KANSAS CITY, Mo. – Sporting Kansas City have made attempts to bring in Argentine midfielder Sebastian Blanco, manager and technical director Peter Vermes said hours before the end of the summer transfer window.
They don't expect to land him, though.
“We've been in conversations with that player – or I should say, trying to see if we could work out a deal around that player,” Vermes told reporters after Wednesday's training session. “I just don't feel like it's going to get to where we want it to be.”
If Sporting are unable to get Blanco away from Argentine side San Lorenzo, Vermes doesn't see any more players coming in this summer.
“We're trying,” he said. “I'd say right now, it's probably not looking great. We've done a lot of work. It's just that the market is incredibly expensive at the moment. We're not going to over-overpay for players. We're just not going to do it.
“You guys have seen how we've built our rosters over the years, and I'm not going to subject that to, all of a sudden, someone getting too greedy.”
Vermes didn't lay the blame for that on players.
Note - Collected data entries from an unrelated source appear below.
(* Let $a,b,c,d>0$ and let $G_B:\mathbb R^2\to\mathbb R^2$ be given by $G_B(0)=0$ and $G_B(u)=\frac{1}{|u|}\big((au_1^2+bu_2^2)u_1,\ (cu_1^2+du_2^2)u_2\big)$ for $u\neq0$. If $$\max\{a+c,b+d\}\le 2(b+c+2\sqrt{ad})\quad\text{and}\quad 2(b+c-2\sqrt{ad})\le\min\{a+c,b+d\},$$ then $G_B$ is monotone. If both inequalities are strict, then $G_B$ is $3$-monotone.
   Context: A map $F:\mathbb R^n\to\mathbb R^n$ is monotone if $(F(u)-F(v))\cdot(u-v)\ge0$ for all $u,v$; for $\alpha>0$ it is $\alpha$-monotone if there is $C>0$ with $(F(u)-F(v))\cdot(u-v)\ge C|u-v|^\alpha$ for all $u,v\in\mathbb R^n$. $|\cdot|$ is the Euclidean norm. *)

theory Defs
  imports "HOL-Analysis.Analysis"
begin

definition monotone_map :: "('a::real_inner \<Rightarrow> 'a) \<Rightarrow> bool" where
  "monotone_map F \<longleftrightarrow> (\<forall>u v. (F u - F v) \<bullet> (u - v) \<ge> 0)"

definition alpha_monotone :: "real \<Rightarrow> ('a::real_inner \<Rightarrow> 'a) \<Rightarrow> bool" where
  "alpha_monotone \<alpha> F \<longleftrightarrow>
     (\<exists>C>0. \<forall>u v. (F u - F v) \<bullet> (u - v) \<ge> C * norm (u - v) powr \<alpha>)"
Rather, he pointed the finger at the market, which is seeing clubs pay players beyond their actual value.
“Transfer fees are a part of the market in soccer,” he said. “I don't attribute that to a player's salary. Players don't get that money. That's what you pay to get that player. But a lot of times, that's what the difficulty is.
“We're trying to manage that situation, but as an organization we're not going to go out and willy-nilly spend money, just because people are saying that's what they want or clubs are demanding that for a player when we know – it's not that you're paying a premium. It's over the top.”
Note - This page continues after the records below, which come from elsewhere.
(* Let $A$ and $G$ be selfadjoint operators in the Hilbert space $\mathcal H$. If $AG$ is bounded and everywhere defined, or $GA$ is bounded and everywhere defined, then either both $A$ and $G$ are bounded and everywhere defined, or the condition "$\rho(AG)\neq\emptyset$ and $\rho(GA)\neq\emptyset$" fails.
   Context: $(\mathcal H,(\cdot,\cdot))$ is a complex Hilbert space; $A,G$ are possibly unbounded selfadjoint operators; $AG$, $GA$ are the operator products with natural domains. For a linear operator $S$, $\rho(S)$ is the set of $\lambda\in\mathbb C$ such that $S-\lambda$ is injective, surjective and has a bounded everywhere defined inverse. *)

theory Defs
  imports "HOL-Analysis.Analysis"
begin

text \<open>HOL-Analysis has no complex inner product spaces, so we introduce a class:
a real Banach space with a compatible complex scalar multiplication and a complex
inner product (linear in the first argument) that induces the norm.\<close>

class complex_hilbert = real_normed_vector + complete_space +
  fixes cscale :: "complex \<Rightarrow> 'a \<Rightarrow> 'a"
    and cinner :: "'a \<Rightarrow> 'a \<Rightarrow> complex"
  assumes cscale_add_right: "cscale a (x + y) = cscale a x + cscale a y"
    and cscale_add_left: "cscale (a + b) x = cscale a x + cscale b x"
    and cscale_cscale: "cscale a (cscale b x) = cscale (a * b) x"
    and cscale_one: "cscale 1 x = x"
    and scaleR_cscale: "scaleR r x = cscale (complex_of_real r) x"
    and cinner_cnj: "cinner x y = cnj (cinner y x)"
    and cinner_add_left: "cinner (x + y) z = cinner x z + cinner y z"
    and cinner_cscale_left: "cinner (cscale a x) y = a * cinner x y"
    and cinner_self_norm: "cinner x x = complex_of_real ((norm x)\<^sup>2)"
Under Vermes, Sporting have taken the approach of looking for good players in less-than-ideal situations – players who have helped them win the 2013 MLS Cup, two US Open Cup titles, and reach the postseason five years running. That won't change, he said.
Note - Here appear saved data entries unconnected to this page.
(* Let $\mathcal U$ be a finite set and $R$ an $n(R)$-place relation on $\mathcal U$ with $\lambda_1(R)\cdot n(R)^2+n(R)<|\mathcal U|$. There are a set $A\subseteq\mathcal U$ and a sequence $\bar C=\langle C_\ell:\ell<n(R)-2\rangle$ of subsets of $\mathcal U$ such that: (A) $|A|\le n(R)\cdot n(R)\cdot\lambda_1(R)$; (B) if $\bar b,\bar c$ are $n(R)$-tuples from $\mathcal U$ with $b_i=b_j\iff c_i=c_j$ for all $i,j$, and $b_i\,E_{A,\bar C}\,c_i$ for all $i<n(R)$, then $R(\bar b)\iff R(\bar c)$; (C) $E_A$ has at most $|A|+\lambda_1(R)$ equivalence classes; (D) each $C_\ell$ has at most $\lambda_1(R)$ elements.
   Context: $\mathrm{tp}_{\mathrm{bs}}(a,A,R)$ (for $a\in\mathcal U$, $A\subseteq\mathcal U$) is the set of formulas $\varphi(x,\bar a)$, with $\bar a$ from $A$ and $\varphi$ atomic or negated atomic in the vocabulary $\{R,=\}$, such that $(\mathcal U,R)\models\varphi(a,\bar a)$. $\lambda_1(R)=\max_{A\subseteq\mathcal U}|\{\mathrm{tp}_{\mathrm{bs}}(a,A,R):a\in\mathcal U\setminus A\}|$. For $A\subseteq\mathcal U$, $E_A$ is the equivalence relation on $\mathcal U$: $a\,E_A\,b$ iff $\mathrm{tp}_{\mathrm{bs}}(a,A,R)=\mathrm{tp}_{\mathrm{bs}}(b,A,R)$. For $A\subseteq\mathcal U$ and $\bar C=\langle C_\ell:\ell<k\rangle$ with $C_\ell\subseteq\mathcal U$, $a\,E_{A,\bar C}\,b$ iff $a\,E_A\,b$ and, for every $\ell<k$, $a\in C_\ell\iff b\in C_\ell$. *)

theory Defs
  imports Main
begin

text \<open>Terms of basic formulas in one free variable x with parameters.\<close>
datatype 'a tm = Var | Par 'a

datatype 'a atom = Eq "'a tm" "'a tm" | Rel "'a tm list"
“We'll wait it out. We'll find somebody else,” Vermes said. “We'll work within the confines of that. That doesn't mean we don't want to win. It doesn't mean any of those things. We just have to be responsible about what we do and the decisions that we make.”
MLS, which has a salary cap with exemptions for Designated Players and Homegrown players, does not limit how much a club can pay to land a DP.
“I think there's been a lot of overpaying in our league,” Vermes said. “Once a threshold is set, and the same kind of people are involved, it's hard for them. Why would they go lower? That's one of the difficulties. The threshold in our league has been set high in a lot of situations on players.
“I'm not the expert on this, but I would tell you my opinion: Sometimes it's over-inflation.”
Sporting have not been idle this summer, but have made only one move outside MLS – the acquisition of left back Éver Alvarado from Honduran side CD Olimpia. They also brought in midfielder Emmanuel Appiahon a free transfer and traded left back Amadou Dia to Montreal in exchange for forward Cameron Porter.
Ghanaian midfielder Emmanuel Frimpong, who began his career with Arsenal and was most recently with Russian side Ufa, trialed with Sporting last week but will not be coming to Kansas City.
“That's done,” Vermes said. “It's not going to happen.”